Showing posts with label picnic bakery. Show all posts
Showing posts with label picnic bakery. Show all posts

Friday, September 21, 2012

Pumpkin Cheesecake Parfait with Cardamom Cream

This is what happens when my oven breaks.

Pumpkin Cheesecake Parfait with Cardamom Cream

The cold evenings we've been having here in San Francisco have brought out the pumpkin cravings.  A recent visit to Target where I was bombarded with spicy scented candles and Halloween decor didn't help.  I even bought some Celestial Seasonings chai tea (and was grossly disappointed).  I do not recommend.  

I've also spent the last few evenings watching The Wire (in preparation for a return visit to Baltimore next month), wrapped in an over-sized scarf, a knee length sweater over a thermal henley, sweat pants, and stripy socks on my feet.  I am such a wimp.  Clearly, San Francisco took the girl out of the country AND the country out of the girl.  To be honest, I think my brain likes to play this trick on my body so I can think it's fall.  We don't really get much of a fall here; so, I don't usually even know it's time to get nostalgic until Starbucks brings out their pumpkin spice lattes.  It's not fall until Starbucks says it's fall.  Sadly, in my world, this is true.

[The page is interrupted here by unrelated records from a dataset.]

lemma sym_unit_right: "sym C a (unit C) = ident C a"
proof -
  have hom_sym_a: "hom C (sym C a (unit C)) a a" and hom_sym_a': "hom C (sym C (unit C) a) a a"
    using hom_sym[of a "unit C"] hom_sym[of "unit C" a] by simp_all
  have idem: "sym C a (unit C) = comp C (sym C a (unit C)) (sym C a (unit C))"
    using sym_hexagon[of a "unit C" "unit C"] hom_sym_a hom_arr by simp
  have inv: "comp C (sym C (unit C) a) (sym C a (unit C)) = ident C a"
    using sym_inverse[of "unit C" a] by simp
  have "ident C a = comp C (sym C (unit C) a) (comp C (sym C a (unit C)) (sym C a (unit C)))"
    using inv idem by simp
  also have "\<dots> = sym C a (unit C)"
    using comp_assoc[OF hom_sym_a hom_sym_a hom_sym_a'] inv hom_sym_a by simp
  finally show ?thesis by simp
qed

lemma sym_unit_left: "sym C (unit C) a = ident C a"
  using sym_inverse[of a "unit C"] hom_sym[of "unit C" a] by (simp add: sym_unit_right)

lemma scalar_tarr_commute:
  assumes "scalar C r" and "hom C f a b"
  shows "tarr C r f = tarr C f r"
proof -
  have "hom C (tarr C r f) a b" and "hom C (tarr C f r) a b"
    using assms hom_tarr unfolding scalar_def by fastforce+
  then show ?thesis
    using sym_natural[of r "unit C" "unit C" f a b] assms
    by (simp add: scalar_def sym_unit_left)
qed

lemma comp_ident_tarr:
  "hom C \<psi> u a \<Longrightarrow> hom C g u' b \<Longrightarrow> hom C h b c \<Longrightarrow>
   comp C (tarr C (ident C a) h) (tarr C \<psi> g) = tarr C \<psi> (comp C h g)"
  using tarr_comp[of \<psi> u a "ident C a" a g u' b h c] by simp

lemma comp_tarr_ident:
  "hom C g u b \<Longrightarrow> hom C \<phi> u' a \<Longrightarrow> hom C h b c \<Longrightarrow>
   comp C (tarr C h (ident C a)) (tarr C g \<phi>) = tarr C (comp C h g) \<phi>"
  using tarr_comp[of g u b h c \<phi> u' a "ident C a" a] by simp

lemma comp_tarr_scalar:
  assumes "hom C g u x" and "hom C f x y" and "scalar C r"
  shows "comp C f (tarr C g r) = tarr C (comp C f g) r"
  using comp_tarr_ident[OF assms(1) _ assms(2), of r "unit C" "unit C"] assms hom_arr
  unfolding scalar_def by simp

lemma tarr_scalar_swap:
  assumes "arr C \<sigma>" and "hom C \<rho> u c" and "scalar C r"
  shows "tarr C (tarr C \<sigma> \<rho>) r = tarr C (tarr C \<sigma> r) \<rho>"
  using assms scalar_tarr_commute[OF assms(3,2)] tarr_assoc hom_arr unfolding scalar_def by metis

lemma disc_comp_discard_right: "comp C (disc C a) (discard_right a c) = disc C (tobj C a c)"
  using tarr_comp[OF hom_ident hom_disc hom_disc hom_ident, of a c] hom_arr[OF hom_disc]
    comp_ident_right[OF hom_disc] comp_ident_left[OF hom_disc]
  by (simp add: disc_tobj)

lemma discard_right_tobj:
  "discard_right a (tobj C b c) = comp C (discard_right a b) (discard_right (tobj C a b) c)"
proof -
  have "discard_right a (tobj C b c) = tarr C (discard_right a b) (disc C c)"
    unfolding disc_tobj using tarr_assoc hom_arr hom_ident hom_disc by metis
  also have "\<dots> = comp C (tarr C (discard_right a b) (ident C (unit C))) (discard_right (tobj C a b) c)"
    using tarr_comp[OF hom_ident hom_discard_right hom_disc hom_ident]
      comp_ident_right[OF hom_discard_right] comp_ident_left[OF hom_disc] by simp
  finally show ?thesis using hom_arr[OF hom_discard_right] by simp
qed

lemma discard_right_tobj_ident:
  "discard_right (tobj C a b) c = tarr C (ident C a) (discard_right b c)"
  unfolding tarr_ident[of a b, symmetric] using tarr_assoc hom_arr hom_ident hom_disc by metis

lemma state_tarr [intro]: "state C \<psi> a \<Longrightarrow> state C \<phi> b \<Longrightarrow> state C (tarr C \<psi> \<phi>) (tobj C a b)"
  unfolding state_def using hom_tarr by fastforce

lemma scalar_tarr [intro]: "scalar C r \<Longrightarrow> scalar C s \<Longrightarrow> scalar C (tarr C r s)"
  using state_tarr unfolding scalar_def state_def by fastforce

lemma causal_state_tarr:
  assumes "causal_state C \<sigma> a" and "causal_state C \<rho> c"
  shows "causal_state C (tarr C \<sigma> \<rho>) (tobj C a c)"
proof -
  have "comp C (disc C (tobj C a c)) (tarr C \<sigma> \<rho>) = tarr C (comp C (disc C a) \<sigma>) (comp C (disc C c) \<rho>)"
    using assms tarr_comp[of \<sigma> "unit C" a "disc C a" "unit C" \<rho> "unit C" c "disc C c" "unit C"]
    unfolding causal_state_def state_def by (simp add: disc_tobj)
  also have "\<dots> = ident C (unit C)"
    using assms unfolding causal_state_def by (simp add: tarr_ident)
  finally show ?thesis
    using assms state_tarr unfolding causal_state_def by fastforce
qed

Anyway, I was dressed up in my new fall clothes (like new school clothes, remember those?  Ah, they were the BEST) with the windows open, so I could be more dramatic about the chill in the air.  I also had spiced candles burning and water for tea boiling when the urgency to bake struck.  I needed to make something with pumpkin, like, yesterday.  My mind immediately went to the pumpkin poppets I made last year at about this time.  Mmmm...fluffy pumpkin pillows with cream cheese filling:

Pumpkin Poppet

I got out some cans of pumpkin and the cream cheese.  That's when I remembered.  Our oven is broken.  As you can probably imagine, this is not ideal.

With my desperate craving for pumpkin refusing to be ignored, I decided to invent a no-bake pumpkin dessert, instead.  And, I have been eating it ever since.  I can't stop myself.  It's too good to be true.  I didn't even save any for Ralph to try.  This has something to do with the fact that he doesn't truly appreciate pumpkin.  Pumpkin could replace my sun & moon; and, he makes the "meh face" when he eats it.   I can't even be in the same room as someone who is eating pumpkin cheesecake and saying, "It's okay…could use some chocolate, though."  This is a purely fictitious statement; but, in my head Ralph is saying it.  And, I'm having a hard time forgiving him for it.  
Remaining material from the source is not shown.